WHAT THIS TASK INVOLVES -
Report how many lines in the data below hold the string "induction". Nothing else should appear in the answer.
-------- SOURCE MATERIAL
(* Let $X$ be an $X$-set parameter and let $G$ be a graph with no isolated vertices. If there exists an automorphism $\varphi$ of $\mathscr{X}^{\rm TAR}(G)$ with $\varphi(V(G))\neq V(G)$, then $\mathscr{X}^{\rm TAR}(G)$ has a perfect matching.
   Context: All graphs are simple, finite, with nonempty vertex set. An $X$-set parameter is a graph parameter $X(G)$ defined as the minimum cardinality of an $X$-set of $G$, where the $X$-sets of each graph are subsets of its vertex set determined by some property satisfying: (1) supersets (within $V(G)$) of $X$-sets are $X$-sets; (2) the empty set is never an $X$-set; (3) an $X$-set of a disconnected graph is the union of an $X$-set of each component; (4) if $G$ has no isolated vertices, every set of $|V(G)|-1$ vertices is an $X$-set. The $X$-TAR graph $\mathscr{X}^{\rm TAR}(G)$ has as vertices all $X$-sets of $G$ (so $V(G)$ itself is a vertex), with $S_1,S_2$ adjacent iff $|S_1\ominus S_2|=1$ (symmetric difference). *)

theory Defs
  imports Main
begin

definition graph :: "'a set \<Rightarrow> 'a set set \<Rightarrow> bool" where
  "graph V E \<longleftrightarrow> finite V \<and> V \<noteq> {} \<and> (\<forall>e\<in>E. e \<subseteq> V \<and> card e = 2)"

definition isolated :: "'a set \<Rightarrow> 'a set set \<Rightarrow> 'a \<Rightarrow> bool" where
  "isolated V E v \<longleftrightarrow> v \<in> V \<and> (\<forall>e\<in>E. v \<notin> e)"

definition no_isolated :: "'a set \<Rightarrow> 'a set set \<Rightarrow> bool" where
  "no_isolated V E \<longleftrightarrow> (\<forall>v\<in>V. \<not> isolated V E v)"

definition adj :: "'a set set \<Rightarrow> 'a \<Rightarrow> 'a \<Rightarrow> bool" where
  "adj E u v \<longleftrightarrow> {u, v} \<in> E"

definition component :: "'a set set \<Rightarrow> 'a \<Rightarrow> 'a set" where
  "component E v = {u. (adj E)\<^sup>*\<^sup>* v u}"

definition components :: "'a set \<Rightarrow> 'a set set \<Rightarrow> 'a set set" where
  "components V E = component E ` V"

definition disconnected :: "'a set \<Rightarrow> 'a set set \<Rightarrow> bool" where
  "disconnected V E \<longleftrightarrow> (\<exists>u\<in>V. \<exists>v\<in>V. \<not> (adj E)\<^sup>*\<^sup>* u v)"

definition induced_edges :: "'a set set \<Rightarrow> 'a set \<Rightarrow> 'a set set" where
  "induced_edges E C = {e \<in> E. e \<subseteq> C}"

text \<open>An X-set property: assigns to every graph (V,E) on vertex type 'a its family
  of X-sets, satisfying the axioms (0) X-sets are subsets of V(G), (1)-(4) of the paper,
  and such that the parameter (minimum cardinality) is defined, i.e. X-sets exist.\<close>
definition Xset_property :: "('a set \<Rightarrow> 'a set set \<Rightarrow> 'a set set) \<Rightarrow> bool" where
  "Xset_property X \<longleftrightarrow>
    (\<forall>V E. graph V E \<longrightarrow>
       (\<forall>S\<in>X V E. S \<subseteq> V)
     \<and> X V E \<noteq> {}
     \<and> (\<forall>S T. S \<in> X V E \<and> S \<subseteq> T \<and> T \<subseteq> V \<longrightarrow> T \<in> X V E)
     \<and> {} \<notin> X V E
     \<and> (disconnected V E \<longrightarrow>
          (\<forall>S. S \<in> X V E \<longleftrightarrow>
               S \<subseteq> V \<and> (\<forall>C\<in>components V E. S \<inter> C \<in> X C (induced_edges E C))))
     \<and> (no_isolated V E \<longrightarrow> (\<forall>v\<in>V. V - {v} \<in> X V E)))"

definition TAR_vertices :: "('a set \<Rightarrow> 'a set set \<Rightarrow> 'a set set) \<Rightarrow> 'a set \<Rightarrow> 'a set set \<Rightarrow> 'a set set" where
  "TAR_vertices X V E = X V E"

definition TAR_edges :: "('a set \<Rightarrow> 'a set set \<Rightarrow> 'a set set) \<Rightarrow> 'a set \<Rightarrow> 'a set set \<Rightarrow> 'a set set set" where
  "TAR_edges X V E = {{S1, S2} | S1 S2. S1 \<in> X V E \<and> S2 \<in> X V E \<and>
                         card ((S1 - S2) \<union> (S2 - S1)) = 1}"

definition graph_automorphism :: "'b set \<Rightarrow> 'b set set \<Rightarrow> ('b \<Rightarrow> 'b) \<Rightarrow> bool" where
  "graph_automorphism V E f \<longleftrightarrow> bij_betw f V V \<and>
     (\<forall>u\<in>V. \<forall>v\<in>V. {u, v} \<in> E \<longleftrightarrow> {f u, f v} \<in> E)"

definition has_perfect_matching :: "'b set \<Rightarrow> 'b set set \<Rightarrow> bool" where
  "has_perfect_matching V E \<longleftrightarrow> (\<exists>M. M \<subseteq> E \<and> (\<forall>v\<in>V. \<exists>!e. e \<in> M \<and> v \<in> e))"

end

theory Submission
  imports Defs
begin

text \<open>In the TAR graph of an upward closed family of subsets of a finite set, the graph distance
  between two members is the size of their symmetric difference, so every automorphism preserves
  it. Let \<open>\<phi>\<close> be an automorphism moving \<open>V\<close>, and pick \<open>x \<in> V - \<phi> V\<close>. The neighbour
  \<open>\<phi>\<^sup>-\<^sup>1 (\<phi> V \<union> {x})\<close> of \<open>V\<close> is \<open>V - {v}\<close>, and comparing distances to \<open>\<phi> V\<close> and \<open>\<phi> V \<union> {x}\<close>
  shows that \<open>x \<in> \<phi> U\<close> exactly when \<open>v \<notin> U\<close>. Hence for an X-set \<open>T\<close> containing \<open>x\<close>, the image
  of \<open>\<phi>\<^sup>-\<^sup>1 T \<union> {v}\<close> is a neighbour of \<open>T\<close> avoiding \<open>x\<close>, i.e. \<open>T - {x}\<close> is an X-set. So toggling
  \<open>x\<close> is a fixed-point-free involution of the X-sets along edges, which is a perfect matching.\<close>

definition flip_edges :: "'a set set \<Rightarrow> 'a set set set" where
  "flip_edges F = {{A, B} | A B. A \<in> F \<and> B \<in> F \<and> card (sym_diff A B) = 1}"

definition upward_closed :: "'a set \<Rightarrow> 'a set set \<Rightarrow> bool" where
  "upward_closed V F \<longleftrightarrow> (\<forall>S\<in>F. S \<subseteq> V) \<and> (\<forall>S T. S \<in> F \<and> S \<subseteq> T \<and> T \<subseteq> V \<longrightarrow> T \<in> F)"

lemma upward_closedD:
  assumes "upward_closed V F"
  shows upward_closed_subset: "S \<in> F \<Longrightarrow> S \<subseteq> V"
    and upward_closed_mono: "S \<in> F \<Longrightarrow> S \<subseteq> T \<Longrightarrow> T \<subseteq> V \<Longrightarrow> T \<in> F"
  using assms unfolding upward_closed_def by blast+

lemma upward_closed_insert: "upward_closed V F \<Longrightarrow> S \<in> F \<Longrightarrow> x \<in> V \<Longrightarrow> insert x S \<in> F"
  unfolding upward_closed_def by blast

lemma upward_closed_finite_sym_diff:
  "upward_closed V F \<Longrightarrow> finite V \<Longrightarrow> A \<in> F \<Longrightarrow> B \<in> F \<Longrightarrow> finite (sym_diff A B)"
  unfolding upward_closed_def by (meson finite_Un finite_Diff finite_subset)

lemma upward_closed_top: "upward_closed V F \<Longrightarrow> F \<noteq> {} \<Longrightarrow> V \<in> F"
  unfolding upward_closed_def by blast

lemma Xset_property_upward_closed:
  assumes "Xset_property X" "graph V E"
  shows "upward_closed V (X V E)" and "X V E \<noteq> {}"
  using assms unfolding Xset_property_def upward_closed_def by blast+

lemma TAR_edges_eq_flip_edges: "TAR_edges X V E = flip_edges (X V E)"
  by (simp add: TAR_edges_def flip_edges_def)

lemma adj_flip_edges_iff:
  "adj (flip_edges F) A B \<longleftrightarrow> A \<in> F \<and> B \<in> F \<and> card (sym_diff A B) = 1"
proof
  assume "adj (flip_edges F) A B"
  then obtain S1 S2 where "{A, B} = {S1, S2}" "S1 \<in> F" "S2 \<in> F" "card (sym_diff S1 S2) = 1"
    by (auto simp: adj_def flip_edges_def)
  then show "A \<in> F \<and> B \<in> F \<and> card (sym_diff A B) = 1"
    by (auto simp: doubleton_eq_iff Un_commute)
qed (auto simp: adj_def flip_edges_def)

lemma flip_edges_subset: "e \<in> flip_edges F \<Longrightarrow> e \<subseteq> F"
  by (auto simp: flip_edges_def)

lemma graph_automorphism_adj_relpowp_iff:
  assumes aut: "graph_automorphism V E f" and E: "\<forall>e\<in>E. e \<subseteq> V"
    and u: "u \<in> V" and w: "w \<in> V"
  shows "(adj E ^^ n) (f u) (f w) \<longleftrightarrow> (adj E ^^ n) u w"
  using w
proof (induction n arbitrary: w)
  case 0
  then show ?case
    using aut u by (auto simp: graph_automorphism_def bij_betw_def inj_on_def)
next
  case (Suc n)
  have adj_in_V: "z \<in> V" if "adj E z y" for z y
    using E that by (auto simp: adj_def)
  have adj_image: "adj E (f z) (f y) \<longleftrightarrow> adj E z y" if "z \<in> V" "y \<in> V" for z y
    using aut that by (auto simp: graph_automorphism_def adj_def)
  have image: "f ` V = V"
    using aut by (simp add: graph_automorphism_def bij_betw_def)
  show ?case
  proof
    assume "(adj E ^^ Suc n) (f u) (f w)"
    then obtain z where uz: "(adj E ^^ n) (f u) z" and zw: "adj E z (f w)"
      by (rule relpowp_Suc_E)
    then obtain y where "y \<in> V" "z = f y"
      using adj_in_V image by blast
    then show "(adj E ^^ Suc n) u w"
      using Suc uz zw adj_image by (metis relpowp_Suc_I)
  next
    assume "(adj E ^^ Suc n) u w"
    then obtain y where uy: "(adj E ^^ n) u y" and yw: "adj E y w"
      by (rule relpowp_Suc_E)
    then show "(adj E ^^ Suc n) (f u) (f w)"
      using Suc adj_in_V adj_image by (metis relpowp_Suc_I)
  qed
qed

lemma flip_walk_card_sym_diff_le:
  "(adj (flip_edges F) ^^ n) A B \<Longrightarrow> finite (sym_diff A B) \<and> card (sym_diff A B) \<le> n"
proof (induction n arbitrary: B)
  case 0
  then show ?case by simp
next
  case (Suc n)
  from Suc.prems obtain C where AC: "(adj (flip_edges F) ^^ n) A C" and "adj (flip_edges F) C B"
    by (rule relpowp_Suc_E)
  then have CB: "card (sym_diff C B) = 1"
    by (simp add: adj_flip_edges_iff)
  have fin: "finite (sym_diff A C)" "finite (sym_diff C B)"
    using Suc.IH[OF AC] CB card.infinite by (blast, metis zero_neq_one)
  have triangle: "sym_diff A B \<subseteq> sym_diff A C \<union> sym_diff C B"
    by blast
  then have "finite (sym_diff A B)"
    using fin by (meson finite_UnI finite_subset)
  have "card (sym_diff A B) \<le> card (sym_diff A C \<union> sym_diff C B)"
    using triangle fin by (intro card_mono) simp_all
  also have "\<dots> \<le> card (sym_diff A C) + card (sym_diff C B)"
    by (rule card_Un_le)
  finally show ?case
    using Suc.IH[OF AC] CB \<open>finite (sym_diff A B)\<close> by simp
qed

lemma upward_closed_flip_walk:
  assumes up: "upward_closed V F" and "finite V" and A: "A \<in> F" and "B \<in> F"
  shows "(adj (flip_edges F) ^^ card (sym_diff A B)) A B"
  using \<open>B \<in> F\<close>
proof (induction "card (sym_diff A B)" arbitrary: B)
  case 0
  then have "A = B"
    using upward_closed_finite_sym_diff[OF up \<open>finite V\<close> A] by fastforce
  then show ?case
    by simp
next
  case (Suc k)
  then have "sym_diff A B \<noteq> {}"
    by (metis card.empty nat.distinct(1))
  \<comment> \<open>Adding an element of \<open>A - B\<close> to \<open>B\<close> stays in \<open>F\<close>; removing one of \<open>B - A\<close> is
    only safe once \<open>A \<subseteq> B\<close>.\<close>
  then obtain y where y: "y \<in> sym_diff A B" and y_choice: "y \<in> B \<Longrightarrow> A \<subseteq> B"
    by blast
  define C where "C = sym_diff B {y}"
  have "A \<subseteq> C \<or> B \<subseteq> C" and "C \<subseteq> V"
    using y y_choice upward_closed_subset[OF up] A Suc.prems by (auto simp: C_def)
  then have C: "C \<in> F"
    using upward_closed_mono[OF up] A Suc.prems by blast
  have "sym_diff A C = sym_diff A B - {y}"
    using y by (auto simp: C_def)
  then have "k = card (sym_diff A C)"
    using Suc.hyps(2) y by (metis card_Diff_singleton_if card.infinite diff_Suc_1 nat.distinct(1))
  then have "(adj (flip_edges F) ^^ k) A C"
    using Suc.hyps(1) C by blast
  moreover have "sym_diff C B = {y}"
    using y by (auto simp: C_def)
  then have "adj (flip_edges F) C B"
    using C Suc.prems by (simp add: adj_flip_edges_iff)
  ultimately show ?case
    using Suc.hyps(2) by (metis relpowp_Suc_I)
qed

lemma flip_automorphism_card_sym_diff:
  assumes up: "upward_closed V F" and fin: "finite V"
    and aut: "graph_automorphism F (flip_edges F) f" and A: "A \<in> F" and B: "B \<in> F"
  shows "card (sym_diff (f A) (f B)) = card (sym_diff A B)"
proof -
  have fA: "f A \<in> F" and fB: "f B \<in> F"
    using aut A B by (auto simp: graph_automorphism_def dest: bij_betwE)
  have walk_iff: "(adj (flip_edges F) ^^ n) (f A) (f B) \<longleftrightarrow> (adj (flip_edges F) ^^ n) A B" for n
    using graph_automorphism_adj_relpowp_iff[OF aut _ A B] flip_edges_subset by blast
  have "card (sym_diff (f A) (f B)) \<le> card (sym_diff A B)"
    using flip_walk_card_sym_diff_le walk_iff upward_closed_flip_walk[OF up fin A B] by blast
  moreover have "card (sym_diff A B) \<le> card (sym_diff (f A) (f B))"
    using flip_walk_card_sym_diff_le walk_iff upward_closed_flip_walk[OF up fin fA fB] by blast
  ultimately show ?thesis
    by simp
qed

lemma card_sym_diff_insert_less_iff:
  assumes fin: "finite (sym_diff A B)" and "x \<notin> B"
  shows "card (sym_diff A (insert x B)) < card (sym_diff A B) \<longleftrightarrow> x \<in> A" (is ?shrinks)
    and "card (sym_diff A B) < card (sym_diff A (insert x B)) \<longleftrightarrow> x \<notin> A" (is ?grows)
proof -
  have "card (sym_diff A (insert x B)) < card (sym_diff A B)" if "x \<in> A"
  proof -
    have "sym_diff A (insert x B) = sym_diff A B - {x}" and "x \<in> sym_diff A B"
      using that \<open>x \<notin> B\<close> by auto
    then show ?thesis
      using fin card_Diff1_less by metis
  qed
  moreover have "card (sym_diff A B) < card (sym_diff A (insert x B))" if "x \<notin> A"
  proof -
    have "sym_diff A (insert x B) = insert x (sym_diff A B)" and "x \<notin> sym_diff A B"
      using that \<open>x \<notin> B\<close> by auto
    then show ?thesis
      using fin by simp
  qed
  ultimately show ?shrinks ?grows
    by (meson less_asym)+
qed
----------------
ANSWER -
3